Progressive Rock Fanatics
sTEPHEN CONRAD
"Like Precious Gems Strewn Upon a Brute Battle-Ground"
JUL 10, 2020
“The Waltzes -The waltz, that sublime dance, those graceful whirls and gentle-men, bowing, acknowledging the gowned belles, then going off only to return…Seeded through the carnage of brothels of Auschwitz, the trenches of World War Eternal, the children given guns and drugs so they can kill and continue and kill and continue…In This Bloody Scream. The jarring contrast between the magisterial sweeps of symphonic progressive music and the evil-incarnate of men in suits and power ties adding up their billions, the women leaning in and cutting up the pie baked in human flesh, armaments, mines, drones-
This Bloody Scream -
We are masters and mistresses of hate, murder, corruption, greed, lust, torture, and destruction. We humans have studied it, turned it inside out, identified it as hell, as ‘war is hell’, as endless insanity: War is Peace. The brothers of ARS PRO VITA (Art For Life) and their assembled cast of musicians and spokes-people have woven the kind of musical tapestry that thread by thread weaves the madness of war upon the loom of untold trillions of ready cash generated by some unholy force, and traced by the sinews and limbs of young women and men, grandmothers and grandfathers, widows, orphans, slowly or quickly losing what little they once may have had.
147 Minutes -
A very long time for the listener accustomed to less intense, more succinct fare, progressive or otherwise. Yet a very short time in the overall catalogue of horrors known to humanity if one considers the sweep of centuries, and the battles and conflicts and wars and engagements that have engulfed this blistered, frozen planet. 147 minutes of a masterpiece of progressive rock music, and excellent addition to ANY music collection, from around the globe, and with the maximum effect, challenging us with every note, every sound, every effect, to consider, to feel, to cringe, to LOOK and to HEAR what humans perpetrate upon humans.

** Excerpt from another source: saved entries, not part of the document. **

lemma integral_indep_coordinate_eq_0:
  fixes Y :: "'k \<Rightarrow> 'a \<Rightarrow> 'b::topological_space" and \<phi> :: "('k \<Rightarrow> 'b) \<Rightarrow> 'b \<Rightarrow> real"
  assumes indep: "indep_vars (\<lambda>_. borel) Y UNIV"
    and \<phi>_meas: "(\<lambda>(a, c). \<phi> a c) \<in> borel_measurable (PiM UNIV (\<lambda>_. borel) \<Otimes>\<^sub>M borel)"
    and \<phi>_upd: "\<And>a c. \<phi> (a(k := c)) = \<phi> a"
    and int: "integrable M (\<lambda>\<omega>. \<phi> (\<lambda>j. Y j \<omega>) (Y k \<omega>))"
    and zero: "\<And>a. (\<integral>\<omega>. \<phi> a (Y k \<omega>) \<partial>M) = 0"
  shows "(\<integral>\<omega>. \<phi> (\<lambda>j. Y j \<omega>) (Y k \<omega>) \<partial>M) = 0"
proof -
  let ?PU = "PiM UNIV (\<lambda>_. borel) :: ('k \<Rightarrow> 'b) measure"
  define R where "R \<omega> = (\<lambda>j. Y j \<omega>)(k := undefined)" for \<omega>
  define C where "C \<omega> = restrict (\<lambda>j. Y j \<omega>) {k}" for \<omega>
  have ind: "indep_var ?PU R ?PU C"
    unfolding R_def[abs_def] C_def[abs_def] by (rule indep_var_coordinate_rest[OF indep])
  have [measurable]: "R \<in> M \<rightarrow>\<^sub>M ?PU" "C \<in> M \<rightarrow>\<^sub>M ?PU"
    using indep_var_rv1[OF ind] indep_var_rv2[OF ind] by simp_all
  interpret Q: prob_space "distr M ?PU C" by (rule prob_space_distr) simp
  interpret PQ: pair_prob_space "distr M ?PU R" "distr M ?PU C"
    by (intro pair_prob_space.intro pair_sigma_finite.intro prob_space_imp_sigma_finite
        prob_space_distr) simp_all
  define \<psi> where "\<psi> z = \<phi> (fst z) (snd z k)" for z
  have [measurable]: "\<psi> \<in> borel_measurable (?PU \<Otimes>\<^sub>M ?PU)"
    unfolding \<psi>_def using measurable_compose[OF _ \<phi>_meas, of "\<lambda>z. (fst z, snd z k)"] by simp
  have eq: "\<phi> (\<lambda>j. Y j \<omega>) (Y k \<omega>) = \<psi> (R \<omega>, C \<omega>)" for \<omega>
    using \<phi>_upd[of "\<lambda>j. Y j \<omega>" undefined] by (simp add: \<psi>_def R_def C_def)
  have prod: "distr M (?PU \<Otimes>\<^sub>M ?PU) (\<lambda>\<omega>. (R \<omega>, C \<omega>)) = distr M ?PU R \<Otimes>\<^sub>M distr M ?PU C"
    using ind by (simp add: indep_var_distribution_eq)
  have "integrable (distr M ?PU R \<Otimes>\<^sub>M distr M ?PU C) \<psi>"
    unfolding prod[symmetric] by (subst integrable_distr_eq) (use int in \<open>simp_all add: eq\<close>)
  then have "(\<integral>z. \<psi> z \<partial>(distr M ?PU R \<Otimes>\<^sub>M distr M ?PU C))
      = (\<integral>a. \<integral>c. \<psi> (a, c) \<partial>distr M ?PU C \<partial>distr M ?PU R)"
    by (rule PQ.integral_fst'[symmetric])
  also have "\<dots> = 0"
  proof -
    have "(\<integral>c. \<psi> (a, c) \<partial>distr M ?PU C) = 0" for a
    proof -
      have "(\<lambda>c. \<psi> (a, c)) \<in> borel_measurable ?PU"
        by (rule measurable_Pair2[where ?M1.0 = ?PU]) (simp_all add: space_PiM)
      then show ?thesis
        using zero[of a] by (subst integral_distr) (simp_all add: \<psi>_def C_def)
    qed
    then show ?thesis by simp
  qed
  finally show ?thesis
    unfolding eq prod[symmetric] by (subst (asm) integral_distr) simp_all
qed

end

section \<open>The EDM iterates as random variables\<close>

locale edm = prob_space M + smooth_agents f gf L
  for M :: "'a measure"
    and f :: "'n::finite \<Rightarrow> real^'d::finite \<Rightarrow> real"
    and gf :: "'n \<Rightarrow> real^'d \<Rightarrow> real^'d"
    and L :: real +
  fixes W :: "real^'n^'n"
    and gF :: "'n \<Rightarrow> real^'d \<Rightarrow> real^'p::finite \<Rightarrow> real^'d"
    and \<xi> :: "'n \<Rightarrow> nat \<Rightarrow> 'a \<Rightarrow> real^'p"
    and X Mm :: "nat \<Rightarrow> 'a \<Rightarrow> 'n \<Rightarrow> real^'d"
    and x0 :: "real^'d"
    and \<alpha> \<beta> \<sigma> :: real
  assumes mixing: "mixing_matrix W"
    and gF_meas: "\<And>i. (\<lambda>(x, s). gF i x s) \<in> borel_measurable borel"
    and bdd_below: "\<And>i. \<exists>b. \<forall>x. b \<le> f i x"
    and \<xi>_meas: "\<And>i s. \<xi> i s \<in> borel_measurable M"
    and \<xi>_indep: "indep_vars (\<lambda>_. borel) (\<lambda>(i, s). \<xi> i s) UNIV"
    and unbiased: "\<And>s i y j. y \<in> borel_measurable (filt M \<xi> s) \<Longrightarrow>
        AE \<omega> in M. real_cond_exp M (filt M \<xi> s)
           (\<lambda>\<omega>. (gF i (y \<omega>) (\<xi> i s \<omega>) - gf i (y \<omega>)) $ j) \<omega> = 0"
    and variance: "\<And>s i y. y \<in> borel_measurable (filt M \<xi> s) \<Longrightarrow>
        AE \<omega> in M. nn_cond_exp M (filt M \<xi> s)
           (\<lambda>\<omega>. ennreal ((norm (gF i (y \<omega>) (\<xi> i s \<omega>) - gf i (y \<omega>)))\<^sup>2)) \<omega> \<le> ennreal (\<sigma>\<^sup>2)"
    and alpha: "0 < \<alpha>"
    and beta: "0 \<le> \<beta>" "\<beta> < 1"
    and iter: "edm_iterates W \<alpha> \<beta> gF \<xi> x0 X Mm"
begin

Like a Cry from the Heart -
Perhaps you, like so many seem to do, worship the god of war, thrill to the battle march, the crisp flags fluttering, the soldiers in formation, the thin patriotism that thanks for their service and turns away when they return broken and scarred- and perhaps you can remain untouched, perhaps even offended by this stunning cry from the heart.
I cannot. -
The waltzes alone, strewn as they are in the mud and the blood, demand attention. For me, this is essential: a masterpiece of progressive rock music, an excellent addition to ANY music collection.”